■ Activity:
Lines from the listing that hold the string "mdeg" are what you should return.

Task data: Begin

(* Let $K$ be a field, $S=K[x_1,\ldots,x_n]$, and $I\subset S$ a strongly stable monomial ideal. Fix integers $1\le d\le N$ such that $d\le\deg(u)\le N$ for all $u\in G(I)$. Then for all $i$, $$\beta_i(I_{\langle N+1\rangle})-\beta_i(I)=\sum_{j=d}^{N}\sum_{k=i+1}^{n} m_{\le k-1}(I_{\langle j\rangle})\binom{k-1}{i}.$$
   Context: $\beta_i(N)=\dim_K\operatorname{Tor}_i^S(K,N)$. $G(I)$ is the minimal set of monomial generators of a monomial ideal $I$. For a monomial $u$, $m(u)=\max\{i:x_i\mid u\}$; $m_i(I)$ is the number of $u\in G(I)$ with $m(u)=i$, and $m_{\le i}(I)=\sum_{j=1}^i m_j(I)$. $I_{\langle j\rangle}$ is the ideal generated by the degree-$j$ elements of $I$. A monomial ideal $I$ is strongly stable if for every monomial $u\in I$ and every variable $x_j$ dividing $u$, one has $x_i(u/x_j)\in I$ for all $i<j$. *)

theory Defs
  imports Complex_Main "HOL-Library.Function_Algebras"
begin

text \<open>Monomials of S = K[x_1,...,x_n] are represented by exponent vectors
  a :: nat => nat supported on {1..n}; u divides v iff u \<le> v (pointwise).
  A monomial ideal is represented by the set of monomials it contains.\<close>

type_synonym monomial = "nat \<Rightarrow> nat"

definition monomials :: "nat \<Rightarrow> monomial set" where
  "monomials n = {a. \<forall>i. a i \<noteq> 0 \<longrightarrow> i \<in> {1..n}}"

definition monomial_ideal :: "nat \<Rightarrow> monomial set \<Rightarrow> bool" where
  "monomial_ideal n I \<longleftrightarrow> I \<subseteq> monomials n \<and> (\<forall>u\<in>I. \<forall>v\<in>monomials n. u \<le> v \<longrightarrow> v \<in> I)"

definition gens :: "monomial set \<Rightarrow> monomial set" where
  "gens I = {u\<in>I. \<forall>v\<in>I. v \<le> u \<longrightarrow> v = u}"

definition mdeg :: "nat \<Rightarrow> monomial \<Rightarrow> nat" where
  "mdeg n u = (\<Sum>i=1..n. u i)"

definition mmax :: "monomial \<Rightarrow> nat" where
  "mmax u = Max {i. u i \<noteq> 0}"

Task data: End

■ Exercise output:
definition mdeg :: "nat \<Rightarrow> monomial \<Rightarrow> nat" where
  "mdeg n u = (\<Sum>i=1..n. u i)"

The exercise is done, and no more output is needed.